If you want to use variables on the likert scale for your linear model, one should use the numerical form. For this we will simply use "Buffet_quest"
Lets find mean and sd for oat and rye bread.
First we split the data into oat and rye bread based on the station name and calculate mean and sd based on intervention/control and oat/rye
```{r,warning=FALSE}
library(tidyverse)
Oat_stats <- Buffet_quest %>%
filter(`Station name` == "OAT") %>%
group_by(`Station name`,`Buffet name`) %>%
dplyr::summarise(
mean = mean(`Consumption in grams`),
sd = sd(`Consumption in grams`)
)
Rye_stats <- Buffet_quest %>%
filter(`Station name` == "RYE BREAD") %>%
group_by(`Station name`,`Buffet name`) %>%
dplyr::summarise(
mean = mean(`Consumption in grams`),
sd = sd(`Consumption in grams`)
)
outcometable <- rbind(Oat_stats,Rye_stats)
```
Next we use *lm* and *summary* to find the p-values for the linear model.

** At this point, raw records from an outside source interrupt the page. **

theorem lemma13:
  shows "(\<forall>d K. d \<ge> 2 \<longrightarrow> K \<ge> 1 \<longrightarrow>
            (\<forall>x\<in>Xd d. \<bar>f_inner d K x - inner12 d x\<bar> \<le> 2 * real d * (1 / real K + 1 / (real K)^2)))
       \<and> (\<exists>C::real. \<forall>d K (\<beta>::real). d \<ge> 2 \<longrightarrow> K \<ge> 1 \<longrightarrow> \<beta> > 0 \<longrightarrow>
            in_N2 d (2*K*d) (\<lambda>x. f_inner d K x / \<beta>) \<and>
            R2 d (2*K*d) (\<lambda>x. f_inner d K x / \<beta>) \<le> C * (real d / \<beta> + 1 / \<beta>^2))"
proof (intro conjI allI impI ballI exI[of _ 12])
  fix d K x assume "K \<ge> (1::nat)" "x \<in> Xd d"
  then show "\<bar>f_inner d K x - inner12 d x\<bar> \<le> 2 * real d * (1 / real K + 1 / (real K)^2)"
    by (rule f_inner_approx)
next
  fix d K :: nat and \<beta> :: real
  assume K: "K \<ge> 1" and \<beta>: "\<beta> > 0"
  have width: "width (f_inner_net d K \<beta>) = 2 * K * d"
    by (simp add: f_inner_net_def balanced_net_def)
  show "in_N2 d (2*K*d) (\<lambda>x. f_inner d K x / \<beta>)"
    unfolding in_N2_def using width net_eval_f_inner_net[OF K \<beta>] by (intro exI[of _ "f_inner_net d K \<beta>"]) simp
  have "R2 d (2*K*d) (\<lambda>x. f_inner d K x / \<beta>) \<le> net_sqnorm d (f_inner_net d K \<beta>) / 2"
    using width net_eval_f_inner_net[OF K \<beta>] by (intro R2_le_net_sqnorm) auto
  also have "\<dots> \<le> 8 * sqrt 2 * (real d / \<beta>) + 1 / \<beta>\<^sup>2"
    using net_sqnorm_f_inner_net[OF K \<beta>, of d] \<beta> by (simp add: field_simps)
  also have "\<dots> \<le> 12 * (real d / \<beta> + 1 / \<beta>^2)"
  proof -
    have "sqrt 2 \<le> 3 / 2"
      by (rule real_le_lsqrt) (auto simp: power2_eq_square)
    then have "8 * sqrt 2 * (real d / \<beta>) \<le> 12 * (real d / \<beta>)"
      using \<beta> by (intro mult_right_mono) auto
    moreover have "1 / \<beta>\<^sup>2 \<le> 12 / \<beta>\<^sup>2"
      using \<beta> by (simp add: divide_right_mono)
    ultimately show ?thesis
      by (simp add: distrib_left)
  qed
  finally show "R2 d (2*K*d) (\<lambda>x. f_inner d K x / \<beta>) \<le> 12 * (real d / \<beta> + 1 / \<beta>^2)" .
qed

Do a linear m for each type of consumption and control/intervention adjusted for liking, age, gender or other factors you think could be important, or are shown significant in tableone.
```{r,warning=FALSE}
Oat_lm <- Buffet_quest %>%
filter(`Station name` == "OAT")
mdl <- lm(data = Oat_lm, `Consumption in grams` ~ `Buffet name` + Age + factor(Gender) + `I_like_oat_/_oatmeal`)
summary(mdl)
Rye_lm <- Buffet_quest %>%
filter(`Station name` == "RYE BREAD")
mdl2 <- lm(data = Rye_lm, `Consumption in grams` ~ `Buffet name` + Age + factor(Gender) + I_like_ryebread)
summary(mdl2)
```
We combine the models p-values with our outcome table
```{r,warning=FALSE}
outcometable$p.value <- c(0.6122, NA, 0.257, NA)
kableExtra::kable(outcometable)
```
The outcome table should be presented nicer. But that is for you to do!
Further one should explore possible interactions in the linear model.